- Country: Canada
- Language: English
- Genre(s): short story

Publication
- Published in: Something I've Been Meaning to Tell You
- Publication date: 1974

= How I Met My Husband =

"How I Met My Husband" is a short story written by Alice Munro, first published in 1974 as a part of her collection Something I've Been Meaning to Tell You.

== Plot summary==
The story is about a young girl, Edie, who is hired help for Dr. Peebles and his family. One afternoon while the family is away in town, Edie meets Chris Watters, a pilot who travels from town to town giving rides in his plane for a fee. Edie falls in love with him, but soon learns that he is engaged to another woman, Alice Kelling. Alice is crazy and has been following Chris everywhere in hopes of marrying him. One day while Alice, Mrs. Peebles and the children were away on a picnic, Edie goes to Chris's campsite to talk with him. He reveals to her that he plans on leaving, but promises to write her. They kiss, and he leaves town. When the other women are told by the local gossip Loretta Bird that Chris has left, Alice Kelling verbally abuses Edie under the mistaken impression that Edie and Chris had sex.

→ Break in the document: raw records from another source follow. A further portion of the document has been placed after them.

lemma char_poly_matrix_adj_mat_tjoin:
  "char_poly_matrix (adj_mat (tjoin T1 T2)) = four_block_mat
     (char_poly_matrix (adj_mat T1)) (corner_mat (nverts T1) (nverts T2) (-1))
     (corner_mat (nverts T2) (nverts T1) (-1)) (char_poly_matrix (adj_mat T2))"
  (is "?L = ?R")
proof (rule eq_matI)
  let ?n1 = "nverts T1" and ?n2 = "nverts T2"
  fix i j assume "i < dim_row ?R" "j < dim_col ?R"
  then have i: "i < ?n1 + ?n2" and j: "j < ?n1 + ?n2" by simp_all
  have L: "?L $$ (i,j) = (if i = j then [:0,1:]
      else if adj (tjoin T1 T2) (vlist (tjoin T1 T2) ! i) (vlist (tjoin T1 T2) ! j) then -1 else 0)"
    using i j by (simp add: index_char_poly_matrix_adj_mat nverts_tjoin)
  have R: "?R $$ (i,j) = (if i < ?n1 then if j < ?n1 then char_poly_matrix (adj_mat T1) $$ (i,j)
        else corner_mat ?n1 ?n2 (-1) $$ (i, j - ?n1)
      else if j < ?n1 then corner_mat ?n2 ?n1 (-1) $$ (i - ?n1, j)
        else char_poly_matrix (adj_mat T2) $$ (i - ?n1, j - ?n1))"
    using i j by simp
  consider "i < ?n1" "j < ?n1" | "i < ?n1" "j - ?n1 < ?n2" "\<not> j < ?n1"
    | "i - ?n1 < ?n2" "\<not> i < ?n1" "j < ?n1" | "i - ?n1 < ?n2" "j - ?n1 < ?n2" "\<not> i < ?n1" "\<not> j < ?n1"
    using i j by linarith
  then show "?L $$ (i,j) = ?R $$ (i,j)"
  proof cases
    case 1
    then show ?thesis
      unfolding L R by (simp add: nth_vlist_tjoin adj_tjoin_left index_char_poly_matrix_adj_mat)
  next
    case 2
    then show ?thesis
      unfolding L R by (simp add: nth_vlist_tjoin adj_tjoin_cross corner_mat_def nth_vlist_eq_Nil_iff)
  next
    case 3
    then show ?thesis
      unfolding L R by (simp add: nth_vlist_tjoin adj_tjoin_cross corner_mat_def nth_vlist_eq_Nil_iff)
  next
    case 4
    moreover have "i = j \<longleftrightarrow> i - ?n1 = j - ?n1" using 4 by auto
    ultimately show ?thesis
      unfolding L R by (simp add: nth_vlist_tjoin adj_tjoin_right index_char_poly_matrix_adj_mat)
  qed
qed (simp_all add: nverts_tjoin)

section \<open>Characteristic polynomials\<close>

lemma nverts_leaf: "nverts (Node []) = 1"
  by (simp add: nverts_def)

lemma nverts_children: "nverts T = Suc (sum_list (map nverts (children T)))"
  by (induction T rule: tjoin_induct) (simp_all add: nverts_leaf nverts_tjoin)

lemma chi_leaf: "chi (Node []) = [:0,1:]"
proof -
  have "char_poly_matrix (adj_mat (Node [])) \<in> carrier_mat 1 1"
    using char_poly_matrix_adj_mat_carrier[of "Node []"] by (simp add: nverts_leaf)
  then show ?thesis
    by (simp add: chi_def char_poly_def det_single index_char_poly_matrix_adj_mat nverts_leaf)
qed

lemma det_char_poly_matrix_delete_root:
  "det (mat_delete (char_poly_matrix (adj_mat T)) 0 0) = prod_list (map chi (children T))"
proof (induction T rule: tjoin_induct)
  case leaf
  have "mat_delete (char_poly_matrix (adj_mat (Node []))) 0 0 \<in> carrier_mat 0 0"
    using mat_delete_carrier[OF char_poly_matrix_adj_mat_carrier[of "Node []"]] by (simp add: nverts_leaf)
  then show ?case by (simp add: det_dim_zero)
next
  case (tjoin T1 T2)
  then show ?case
    using det_mat_delete_four_block_corner[OF char_poly_matrix_adj_mat_carrier
        char_poly_matrix_adj_mat_carrier nverts_pos]
    by (simp add: char_poly_matrix_adj_mat_tjoin chi_def char_poly_def)
qed

lemma chi_tjoin:
  "chi (tjoin T1 T2) = chi T1 * chi T2 - prod_list (map chi (children T1)) * prod_list (map chi (children T2))"
  using det_four_block_corner[OF char_poly_matrix_adj_mat_carrier char_poly_matrix_adj_mat_carrier
      nverts_pos nverts_pos, of T1 T2 "-1" "-1"]
  by (simp add: chi_def char_poly_def char_poly_matrix_adj_mat_tjoin det_char_poly_matrix_delete_root)

lemma chi_nonzero: "chi T \<noteq> 0"
  using degree_monic_char_poly[OF adj_mat_carrier, of T] by (auto simp: chi_def)

section \<open>Reciprocal polynomials\<close>

text \<open>With \<open>z = s\<^sup>2\<close>, the identity defining \<open>recip\<close> becomes free of \<open>powr\<close> and \<open>sqrt\<close>.\<close>

definition is_reciprocal :: "nat \<Rightarrow> real poly \<Rightarrow> real poly \<Rightarrow> bool" where
  "is_reciprocal n p r \<longleftrightarrow> (\<forall>s > 0. poly r (s\<^sup>2) = s ^ n * poly p (s + 1 / s))"

lemma poly_eq_if_eq_on_positive:
  fixes p q :: "real poly"
  assumes "\<And>z. z > 0 \<Longrightarrow> poly p z = poly q z"
  shows "p = q"
proof (rule ccontr)
  assume "p \<noteq> q"
  then have "finite {z. poly (p - q) z = 0}" by (intro poly_roots_finite) simp
  moreover have "{0<..} \<subseteq> {z. poly (p - q) z = 0}" using assms by auto
  ultimately show False using infinite_Ioi finite_subset by blast
qed

lemma is_reciprocal_unique: "is_reciprocal n p r \<Longrightarrow> is_reciprocal n p r' \<Longrightarrow> r = r'"
  unfolding is_reciprocal_def
  by (rule poly_eq_if_eq_on_positive) (metis real_sqrt_gt_0_iff real_sqrt_pow2 less_eq_real_def)

lemma is_reciprocal_nonzero:
  assumes "is_reciprocal n p r" and "p \<noteq> 0"
  shows "r \<noteq> 0"
proof
  assume "r = 0"
  obtain B where B: "\<And>x. poly p x = 0 \<Longrightarrow> x \<le> B"
    using bdd_above_finite[OF poly_roots_finite[OF \<open>p \<noteq> 0\<close>]] by (auto simp: bdd_above_def)
  define s where "s = max B 1 + 1"
  have "s > 0" by (simp add: s_def)
  then have "poly p (s + 1 / s) = 0" using assms(1) \<open>r = 0\<close> by (simp add: is_reciprocal_def)
  then have "s + 1 / s \<le> B" by (rule B)
  moreover have "B < s" "0 < 1 / s" using \<open>s > 0\<close> by (simp_all add: s_def)
  ultimately show False by linarith
qed

lemma is_reciprocal_one: "is_reciprocal 0 1 1"
  by (simp add: is_reciprocal_def)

Mrs. Peebles protects Edie, and Alice leaves too. Edie waits day after day at the mailbox for Chris's letter, which never comes. Eventually, Edie realizes Chris will never write and marries the mailman, who believes that she waited by the mailbox for him every day, although Edie never tells him that she had waited for Chris because she likes "for people to think what pleases them and makes them happy."

==Adaptations==
The short story was adapted as a play of the same name, and staged at the Blyth Festival. It was also adapted as part of the 1988 anthology film Martha, Ruth and Edie, alongside short stories by Cynthia Flood and Betty Lambert.